This time three years ago, two months after the 2008 election and a month before his inauguration, so many of us had high hopes for Barack Obama. Pundits proclaimed him a transformational president, a new Franklin Delano Roosevelt, coming to power in time of crisis to remake his country. No such luck. Today, even his acolytes are disappointed.
To some extent, this is unfair. Barack Obama has had to deal with calamities left him by his predecessors. Considering the sclerotic nature of American politics and the intransigence of his opposition he has done reasonably well. Against the odds, he has passed a major if not perfect health care reform act and even more important, saved the banking system from collapse, so avoiding a replay of the Great Depression.
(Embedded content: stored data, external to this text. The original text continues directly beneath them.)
text \<open>
  The heart of the proof is a decay estimate: if at every point every normalized derivative is
  at most \<open>C\<close> times the largest one of order at most \<open>N\<close>, then it is even at most
  \<open>K \<beta>^-(k1+k2)\<close> times that maximum. Indeed, Cauchy's inequality bounds the maximum at \<open>z\<close>
  by \<open>sup |F|\<close> on a small polydisc of radius \<open>\<rho>/L(z)\<close>, while the domination and Taylor's
  expansion bound \<open>sup |F|\<close> on the polydisc of radius \<open>1/(2 L(z))\<close> by \<open>4 C\<close> times that
  maximum. So \<open>sup |F|\<close> over small polydiscs grows by at most a fixed factor per step of size
  \<open>1/(4 L)\<close>, and the class \<open>Q2\<close> makes the number of steps needed to cross the polydisc of
  radius \<open>\<beta>/L(z)\<close> uniform. Cauchy's inequality on that polydisc gives the factor
  \<open>\<beta>^-(k1+k2)\<close>.

  Bounded index gives the domination with \<open>C = 1\<close>, and summing the geometric decay bounds the
  tail. Conversely, the inequality gives the domination with \<open>C\<close> the number of indices of
  order at most \<open>N\<close> divided by \<open>c\<close>, and the decay makes all terms of large order smaller than
  the maximum.
\<close>

section \<open>Holomorphic dependence on a parameter\<close>

lemma continuous_on_contour_integral_param:
  fixes f :: "'a::topological_space \<Rightarrow> complex \<Rightarrow> complex"
  assumes f: "continuous_on (U \<times> path_image g) (\<lambda>(x,u). f x u)" and g: "path g"
    and g': "continuous_on {0..1} (\<lambda>t. vector_derivative g (at t))"
  shows "continuous_on U (\<lambda>x. contour_integral g (f x))"
proof -
  have eq: "contour_integral g (f x) =
      integral (cbox 0 1) (\<lambda>t. f x (g t) * vector_derivative g (at t))" for x
    by (simp add: contour_integral_integral cbox_interval)
  have "continuous_on (U \<times> {0..1}) (\<lambda>p. g (snd p))"
    by (rule continuous_on_compose2[OF g[unfolded path_def] continuous_on_snd[OF continuous_on_id]])
      auto
  then have "continuous_on (U \<times> {0..1}) (\<lambda>(x,t). (x, g t))"
    by (auto intro!: continuous_intros simp: split_beta)
  moreover have "(\<lambda>(x,t). (x, g t)) ` (U \<times> {0..1}) \<subseteq> U \<times> path_image g"
    by (auto simp: path_image_def)
  ultimately have c1: "continuous_on (U \<times> {0..1}) (\<lambda>(x,t). f x (g t))"
    using continuous_on_compose2[OF f, of "U \<times> {0..1}" "\<lambda>(x,t). (x, g t)"]
    by (simp add: split_beta)
  have c2: "continuous_on (U \<times> {0..1}) (\<lambda>(x,t). vector_derivative g (at t))"
    using continuous_on_compose2[OF g' continuous_on_snd[OF continuous_on_id], of "U \<times> {0..1}"]
    by (auto simp: split_beta)
  have "continuous_on (U \<times> cbox 0 1) (\<lambda>(x,t). f x (g t) * vector_derivative g (at t))"
    using continuous_on_mult[OF c1 c2] by (simp add: cbox_interval split_beta)
  from integral_continuous_on_param[OF this] show ?thesis
    by (simp add: eq)
qed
But Roosevelt also faced a harsh economic environment and his achievements far outstrip Obama’s. What is the difference? It is hard to remember now, but before 1932, Franklin Delano Roosevelt was seen as a lightweight, a rich boy, a man of “second-rate intelligence,” who owed his prominence mostly to his name. In many ways, FDR was the George W Bush of the 1920s. Barack Obama, a self-made man, raised by a single mother, the editor of the Harvard Law Review, is certainly smarter, a deeper thinker than the great FDR. So why has he not taken advantage of the crisis to remake America as did Roosevelt? Sadly, I think the answer has to do with class.
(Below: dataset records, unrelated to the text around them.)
(* Let $H(d,q)$ be the Hamming graph, with intersection numbers $c_i=i$ and $b_i=(d-i)(q-1)$ for $i=0,1,\ldots,d$. Let $A$ and $D$ be its adjacency matrix and distance matrix (same vertex ordering), and let $t=dq^{d-1}(q-1)$. Define $$p(x)=t\left\{ \prod_{i=1}^d\frac{x-b_{0}+qc_{i}}{qc_{i}}- \frac{1}{d(q-1)} \prod_{\substack{i=0\\ i\neq1}}^d \frac{x-b_{0}+qc_{i}}{q(c_{i}-1)}\right\}.$$ Then $D=p(A)$.
   Context: The Hamming graph $H(d,q)$ (with $d\ge 1$, $q\ge 2$) has as vertices all ordered $d$-tuples over a $q$-element set, two vertices being adjacent if and only if they differ in exactly one coordinate. The distance matrix of a connected graph has $(u,v)$ entry equal to the length of a shortest $u$–$v$ path. The intersection numbers of a distance regular graph: for vertices $x,y$ at distance $i$, $c_i$ (resp. $b_i$) is the number of neighbours of $y$ at distance $i-1$ (resp. $i+1$) from $x$. *)

theory Defs
  imports "HOL-Computational_Algebra.Polynomial"
begin

text \<open>Square matrices with rows and columns indexed by a finite vertex set V
  are represented as functions V => V => real (the common vertex ordering is implicit).\<close>

definition adjacency_matrix :: "('v \<Rightarrow> 'v \<Rightarrow> bool) \<Rightarrow> 'v \<Rightarrow> 'v \<Rightarrow> real" where
  "adjacency_matrix E u v = (if E u v then 1 else 0)"

definition id_matrix :: "'v \<Rightarrow> 'v \<Rightarrow> real" where
  "id_matrix u v = (if u = v then 1 else 0)"

definition mat_mult :: "'v set \<Rightarrow> ('v \<Rightarrow> 'v \<Rightarrow> real) \<Rightarrow> ('v \<Rightarrow> 'v \<Rightarrow> real) \<Rightarrow> 'v \<Rightarrow> 'v \<Rightarrow> real" where
  "mat_mult V A B u v = (\<Sum>w\<in>V. A u w * B w v)"
definition hs_sub :: "'h hilbert_data \<Rightarrow> 'h \<Rightarrow> 'h \<Rightarrow> 'h" where
  "hs_sub H x y = hs_add H x (hs_scale H (-1) y)"

definition hs_lim :: "'h hilbert_data \<Rightarrow> (nat \<Rightarrow> 'h) \<Rightarrow> 'h \<Rightarrow> bool" where
  "hs_lim H f x \<longleftrightarrow> (\<lambda>k. hs_norm H (hs_sub H (f k) x)) \<longlonglongrightarrow> 0"

definition hilbert_space :: "'h hilbert_data \<Rightarrow> bool" where
  "hilbert_space H \<longleftrightarrow>
    (let X = hs_carrier H; z = hs_zero H; p = hs_add H; s = hs_scale H; ip = hs_inner H in
     z \<in> X \<and>
     (\<forall>a\<in>X. \<forall>b\<in>X. p a b \<in> X) \<and>
     (\<forall>c. \<forall>a\<in>X. s c a \<in> X) \<and>
     (\<forall>a\<in>X. \<forall>b\<in>X. \<forall>c\<in>X. p (p a b) c = p a (p b c)) \<and>
     (\<forall>a\<in>X. \<forall>b\<in>X. p a b = p b a) \<and>
     (\<forall>a\<in>X. p z a = a) \<and>
     (\<forall>a\<in>X. p a (s (-1) a) = z) \<and>
     (\<forall>c. \<forall>a\<in>X. \<forall>b\<in>X. s c (p a b) = p (s c a) (s c b)) \<and>
     (\<forall>c d. \<forall>a\<in>X. s (c + d) a = p (s c a) (s d a)) \<and>
     (\<forall>c d. \<forall>a\<in>X. s (c * d) a = s c (s d a)) \<and>
     (\<forall>a\<in>X. s 1 a = a) \<and>
     \<comment> \<open>inner product: linear in the first, conjugate symmetric, positive definite\<close>
     (\<forall>a\<in>X. \<forall>b\<in>X. \<forall>c\<in>X. ip (p a b) c = ip a c + ip b c) \<and>
     (\<forall>k. \<forall>a\<in>X. \<forall>b\<in>X. ip (s k a) b = k * ip a b) \<and>
     (\<forall>a\<in>X. \<forall>b\<in>X. ip b a = cnj (ip a b)) \<and>
     (\<forall>a\<in>X. Im (ip a a) = 0 \<and> Re (ip a a) \<ge> 0 \<and> (ip a a = 0 \<longleftrightarrow> a = z)) \<and>
     \<comment> \<open>completeness\<close>
     (\<forall>f :: nat \<Rightarrow> _. (\<forall>k. f k \<in> X) \<and>
          (\<forall>e>0. \<exists>N. \<forall>i\<ge>N. \<forall>j\<ge>N. hs_norm H (hs_sub H (f i) (f j)) < e)
          \<longrightarrow> (\<exists>x\<in>X. hs_lim H f x)))"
Franklin Delano Roosevelt, descendent of Hudson Valley Dutch patroons, was as aristocratic as you can be in America. He was born into the ruling class, supped at their tables as a boy, drank with them at Harvard finishing clubs, knew them intimately and so was not intimidated by them. This allowed him to deal sternly and confidently with those he called “the malefactors of great wealth.”
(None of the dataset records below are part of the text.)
lemma cycle_list_funpow:
  assumes "cycle_list f xs"
  shows "map (f ^^ k) xs = rotate k xs"
proof (induction k)
  case (Suc k)
  have "map (f ^^ Suc k) xs = map f (rotate k xs)"
    by (simp flip: Suc map_map)
  also have "\<dots> = rotate (Suc k) xs"
    using assms by (simp add: cycle_list_def rotate1_rotate_swap flip: rotate_map)
  finally show ?case .
qed simp

lemma orbit_cycle_list:
  assumes cyc: "cycle_list f xs" and x: "x \<in> set xs"
  shows "orbit f x = set xs"
proof -
  obtain i where i: "i < length xs" "x = xs ! i" using x by (auto simp: in_set_conv_nth)
  have n: "0 < length xs" using i(1) by linarith
  have iter: "(f ^^ k) x = xs ! ((k + i) mod length xs)" for k
    using arg_cong[OF cycle_list_funpow[OF cyc, of k], of "\<lambda>ys. ys ! i"] i
    by (simp add: nth_rotate)
  show ?thesis
  proof
    show "orbit f x \<subseteq> set xs"
      unfolding orbit_def iter using n by auto
    show "set xs \<subseteq> orbit f x"
    proof
      fix y assume "y \<in> set xs"
      then obtain j where j: "j < length xs" "y = xs ! j" by (auto simp: in_set_conv_nth)
      have "(j + length xs - i + i) mod length xs = j" using i j by simp
      then have "(f ^^ (j + length xs - i)) x = y" by (simp add: iter j)
      then show "y \<in> orbit f x" unfolding orbit_def by blast
    qed
  qed
qed

lemma card_orbits_cycle_lists:
  assumes cyc: "\<forall>c\<in>set cs. cycle_list f c" and dist: "distinct (concat cs)"
  shows "card (orbit f ` set (concat cs)) = length cs"
proof -
  have ne: "[] \<notin> set cs" using cyc by (auto simp: cycle_list_def)
  have "orbit f ` set c = {set c}" if "c \<in> set cs" for c
  proof -
    have "orbit f ` set c = (\<lambda>_. set c) ` set c"
      using cyc that by (intro image_cong) (auto simp: orbit_cycle_list)
    moreover have "c \<noteq> []" using that ne by blast
    ultimately show ?thesis by (simp add: image_constant_conv)
  qed
  then have "orbit f ` set (concat cs) = set ` set cs"
    by (auto simp: image_UN)
  moreover have "distinct cs"
    and disj: "\<forall>ys zs. ys \<in> set cs \<and> zs \<in> set cs \<and> ys \<noteq> zs \<longrightarrow> set ys \<inter> set zs = {}"
    using dist ne by (auto simp: distinct_concat_iff removeAll_id)
  moreover have "inj_on set (set cs)"
  proof (rule inj_onI)
    fix x y assume "x \<in> set cs" "y \<in> set cs" "set x = set y"
    with disj ne show "x = y" by (metis Int_absorb set_empty)
  qed
  ultimately show ?thesis by (simp add: card_image distinct_card)
qed

lemma map_component_closed_walk:
  assumes closed: "\<forall>u\<in>D. \<sigma> u \<in> D \<and> \<alpha> u \<in> D"
    and walk: "\<forall>(u, v)\<in>set (zip ws (rotate1 ws)). v = \<sigma> u \<or> v = \<alpha> u"
    and ws: "set ws = D" and x: "x \<in> D"
  shows "map_component D \<sigma> \<alpha> x = D"
proof -
  define R where "R = {(u, \<sigma> u) | u. u \<in> D} \<union> {(u, \<alpha> u) | u. u \<in> D}"
  have comp: "map_component D \<sigma> \<alpha> x = {y. (x, y) \<in> R\<^sup>*}"
    by (simp add: map_component_def R_def)
  let ?n = "length ws"
  have step: "(ws ! j, ws ! (Suc j mod ?n)) \<in> R" if "j < ?n" for j
  proof -
    have "(ws ! j, rotate1 ws ! j) \<in> set (zip ws (rotate1 ws))"
      using that by (auto simp: set_zip)
    then show ?thesis
      using walk that ws by (auto simp: R_def nth_rotate1)
  qed
  have n: "0 < ?n" using x ws by (auto simp: length_pos_if_in_set)
  have forward: "(ws ! i, ws ! ((i + k) mod ?n)) \<in> R\<^sup>*" if "i < ?n" for i k
  proof (induction k)
    case (Suc k)
    have "(ws ! ((i + k) mod ?n), ws ! (Suc ((i + k) mod ?n) mod ?n)) \<in> R"
      using step n by simp
    with Suc show ?case by (simp add: mod_Suc_eq)
  qed (use that in simp)
  show ?thesis
  proof
    have "y \<in> D" if "(x, y) \<in> R\<^sup>*" for y
      using that x closed by (induction rule: rtrancl_induct) (auto simp: R_def)
    then show "map_component D \<sigma> \<alpha> x \<subseteq> D" by (auto simp: comp)
  next
    show "D \<subseteq> map_component D \<sigma> \<alpha> x"
    proof
      fix y assume "y \<in> D"
      obtain i where i: "i < ?n" "x = ws ! i" using x ws by (auto simp: in_set_conv_nth)
      obtain j where j: "j < ?n" "y = ws ! j" using \<open>y \<in> D\<close> ws by (auto simp: in_set_conv_nth)
      have "(i + (j + ?n - i)) mod ?n = j" using i j by simp
      then have "(x, y) \<in> R\<^sup>*"
        using forward[OF i(1), of "j + ?n - i"] by (simp add: i j)
      then show "y \<in> map_component D \<sigma> \<alpha> x" by (simp add: comp)
    qed
  qed
qed

lemma cycle_lists_closed:
  assumes "\<forall>c\<in>set cs. cycle_list f c" and "x \<in> set (concat cs)"
  shows "f x \<in> set (concat cs)"
proof -
  obtain c where c: "c \<in> set cs" "x \<in> set c" using assms(2) by auto
  then have "f x \<in> set (map f c)" by simp
  also have "set (map f c) = set c" using assms(1) c(1) by (simp add: cycle_list_def)
  finally show ?thesis using c(1) by auto
qed

lemma planar_mapI:
  assumes vs: "\<forall>c\<in>set vs. cycle_list \<sigma> c" "distinct (concat vs)" "set (concat vs) = D"
    and es: "\<forall>c\<in>set es. cycle_list \<alpha> c" "distinct (concat es)" "set (concat es) = D"
    and fs: "\<forall>c\<in>set fs. cycle_list (\<sigma> \<circ> \<alpha>) c" "distinct (concat fs)" "set (concat fs) = D"
    and walk: "\<forall>(u, v)\<in>set (zip ws (rotate1 ws)). v = \<sigma> u \<or> v = \<alpha> u" "set ws = D"
    and euler: "int (length vs) - int (length es) + int (length fs) = 2"
  shows "planar_map D \<sigma> \<alpha>"
proof -
  have "\<forall>u\<in>D. \<sigma> u \<in> D \<and> \<alpha> u \<in> D"
    using cycle_lists_closed[OF vs(1)] cycle_lists_closed[OF es(1)] unfolding vs(3) es(3) by blast
  then have "map_component D \<sigma> \<alpha> x = D" if "x \<in> D" for x
    using map_component_closed_walk[OF _ walk that] by simp
  then show ?thesis
    using card_orbits_cycle_lists[OF vs(1,2)] card_orbits_cycle_lists[OF es(1,2)]
      card_orbits_cycle_lists[OF fs(1,2)] vs(3) es(3) fs(3) euler
    by (simp add: planar_map_def)
qed

lemma halfedges_upt:
  "halfedges {0..<n} lab = set (concat (map (\<lambda>v. map (Pair v) [0..<fst (lab v)]) [0..<n]))"
  by (auto simp: halfedges_def)

lemma dangling_subset_halfedges: "dangling V lab m \<subseteq> halfedges V lab"
  by (auto simp: dangling_def)

definition accepts :: "gadget \<Rightarrow> (nat \<Rightarrow> bool) \<Rightarrow> bool" where
  "accepts g P \<longleftrightarrow> {i. i < fst g \<and> P i} \<in> snd g"

lemma accepts_one_in_three:
  "accepts one_in_three P \<longleftrightarrow>
     (P 0 \<and> \<not> P 1 \<and> \<not> P 2) \<or> (\<not> P 0 \<and> P 1 \<and> \<not> P 2) \<or> (\<not> P 0 \<and> \<not> P 1 \<and> P 2)"
proof -
  have lt3: "i = 0 \<or> i = 1 \<or> i = 2" if "i < 3" for i :: nat
    using that by arith
  have S: "{i. i < 3 \<and> P i} = set (filter P [0, 1, 2])"
    by (auto dest: lt3)
  show ?thesis
    unfolding accepts_def one_in_three_def fst_conv snd_conv S
    by (cases "P 0"; cases "P 1"; cases "P 2") simp_all
qed

lemma accepts_fanout: "accepts (fanout k) P \<longleftrightarrow> (\<forall>j\<in>{1..k}. P j \<longleftrightarrow> \<not> P 0)"
proof -
  define C where "C = {j \<in> {1..k}. P j}"
  have "0 \<notin> C" "0 \<notin> {1..k}" by (auto simp: C_def)
  then have zero: "insert 0 C \<noteq> {1..k}" "C \<noteq> {0}" by blast+
  have S: "{i. i < k + 1 \<and> P i} = (if P 0 then insert 0 C else C)"
    by (auto simp: C_def Suc_le_eq intro: gr0I)
  have "C = {} \<longleftrightarrow> (\<forall>j\<in>{1..k}. \<not> P j)" "C = {1..k} \<longleftrightarrow> (\<forall>j\<in>{1..k}. P j)"
    by (auto simp: C_def Suc_le_eq intro: gr0I)
  then show ?thesis
    unfolding accepts_def fanout_def fst_conv snd_conv S using zero by auto
qed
Perhaps Barack Obama, raised by a peripatetic single mother who struggled to stay in the middle class, remains impressed, as most of us are, with those much richer than ourselves. To become a member of the ruling class, a black man in America must be accommodating, understanding, unthreatening. That is a fine strategy if one wants to become editor of the Harvard Law Review and ultimately a partner at a white shoe law firm. It isn’t for the President of the United States. To change the path of a nation one must be willing to make enemies, to stand up and fight. Against a Republican opposition that has used every procedural tool to stymie his will, Obama needed to be more ruthless. FDR was happy to battle with the plutocrats that ruled his America. Unfortunately, Obama wants them to like him.